Creating an IOKS requires determining the number of units required, then converting the native endianness back to big-endian units. Once you have an IOKS, you can then mask in the length bits to create an IOUS.

As mentioned in the summary, one benefit of IOUSes is the ability to write fast and simple code for specific cases, and as such, you may not want to use the fully generic version in everyday cases. However, the full pseudocode for the generic conversions is left below for reference.

IOUS to IOKS

  1. If the buffer is empty, terminate with error.
  2. Set data-units to zero.
  3. Set length-units to zero.
  4. Loop the following:
    1. Set temp-unit to the unit at index length-units.
    2. Set temp-bits to the number of leading disabled bits in temp-unit.
    3. Add temp-bits to data-units.
    4. Increment length-units.
    5. If data-units is greater than the ceiling:
      1. Set data-units to the ceiling.
      2. Set temp-bits to the ceiling modulo the unit bits.
      3. If temp-bits is zero, set extra-data-bits to zero. Otherwise, Set extra-data-bits to the unit bits minus temp-bits.
      4. Terminate the loop.
    6. If temp-bits is less than the unit bits:
      1. Set extra-data-bits to the unit bits minus temp-bits minus one. The minus one is the terminating bit.
      2. Terminate the loop.
    7. If length-units is not less than the length of the buffer, terminate with error.
  5. Set past-end to length-units plus data-units.
  6. If the length of the buffer is less than past-end, terminate with error.
  7. If extra-data-bits is nonzero:
    1. Decrement length-units.
    2. Set temp-bits to the unit bits.
    3. Subtract extra-data-bits from temp-bits.
    4. Set temp-unit to the unit at index length-units.
    5. Left-shift temp-unit by temp-bits.
    6. Right-shift temp-unit by temp-bits. This will be a logical shift for unsigned units and an arithmetic shift for signed units.
  8. The IOKS begins at index length-units and terminates at index past-end.
  9. The IOUS terminates immediately after the IOKS.

IOKS to IOUS

Preparation

When converting an IOKS to an IOUS, you'll want to ensure that the IOKS is as small as possible.

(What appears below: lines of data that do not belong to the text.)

theorem proposition5p12:
  fixes d :: "'a \<Rightarrow> 'a \<Rightarrow> real" and \<beta> \<alpha> :: real and z :: 'a
  assumes "metric_on d"
    and "discretely_geodesic d"
    and "stable_intervals d \<beta>"
    and "bounded_subsets_finite d"
    and "\<alpha> > 0"
  defines "B \<equiv> closed_ball_d d z (2 * \<alpha> * \<beta>)"
  shows "finite (pointed_cones d B)
    \<and> (\<forall>f \<in> Eprime d. f z \<le> \<alpha> \<longrightarrow> 2 * rk d (Apairs d f) \<le> enat (card (pointed_cones d B)))
    \<and> (\<forall>f \<in> Eprime d. f z \<le> \<alpha> \<and> rk d (Apairs d f) = 0 \<longrightarrow>
         finite {A \<in> Acal d. A \<subseteq> Apairs d f \<and> rk d A = 1}
         \<and> card {A \<in> Acal d. A \<subseteq> Apairs d f \<and> rk d A = 1} \<le> 2 ^ card (pointed_cones d B))"
proof -
  interpret stable_geodesic_space d \<beta>
    using assms(1-4) by unfold_locales
  have point: "tight_span_point d \<beta> f \<alpha> z" if "f \<in> Eprime d" "f z \<le> \<alpha>" for f
    using assms(1-4) that by unfold_locales
  show ?thesis
    unfolding B_def
  proof (intro conjI ballI impI)
    show "finite (pointed_cones d (closed_ball_d d z (2 * \<alpha> * \<beta>)))"
      unfolding closed_ball_d_def using finite_ball by (rule finite_pointed_cones)
  next
    fix f assume "f \<in> Eprime d" "f z \<le> \<alpha>"
    then show "2 * rk d (Apairs d f) \<le> enat (card (pointed_cones d (closed_ball_d d z (2 * \<alpha> * \<beta>))))"
      by (rule tight_span_point.twice_rk_le_card_Q[OF point])
  next
    fix f assume "f \<in> Eprime d" "f z \<le> \<alpha> \<and> rk d (Apairs d f) = 0"
    then show "finite {A \<in> Acal d. A \<subseteq> Apairs d f \<and> rk d A = 1}"
      "card {A \<in> Acal d. A \<subseteq> Apairs d f \<and> rk d A = 1}
         \<le> 2 ^ card (pointed_cones d (closed_ball_d d z (2 * \<alpha> * \<beta>)))"
      using tight_span_point.card_rank_one_subsets_le[OF point] by blast+
  qed
qed

end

For unsigned integers, this means that you'll want to remove all leading zero units and mark down the number of leading disabled bits as the "trimmable" bits.

For positive signed integers, you can perform the same conversion as unsigned integers, with one caveat: you can trim one fewer bits than you would otherwise, as this has to be retained as the sign bit.

For negative signed integers, you'll want to remove leading negative-one units and mark down the number of leading enabled bits, also being able to trim one fewer bits.

Conversion

  1. Set trimmable-bits to the number of trimmable bits. This quantity is described in the previous section.
  2. Set length-bits to the number of units in the IOKS.
  3. Set length-units to length-bits divided by the unit bits, rounding down.
  4. Set extra-data-bits to negative length-bits Euclidean-modulo the unit bits.
  5. If extra-data-bits is greater than the trimmable bits:
    1. Set data-unit to the first unit in the IOKS.
    2. Right-shift temp-unit by the unit bits minus one. This will be a logical shift for unsigned units and an arithmetic shift for signed units.
    3. Insert data-unit at the beginning of the IOKS.
  6. Set length-unit to negative one.
  7. Left-shift length-unit by extra-data-bits minus one.
  8. Set data-unit to the first unit in the IOKS.
  9. If data-unit is negative:
    1. And the bits of data-unit with length-unit.
  10. Left-shift length-unit by one.
  11. Or the bits of data-unit with length-unit.
  12. Replace the first unit of the IOKS with data-unit.
  13. Insert length-units negative-one units at the beginning of the IOKS.

License

Released to the public domain to the greatest extent possible via the CC0 License.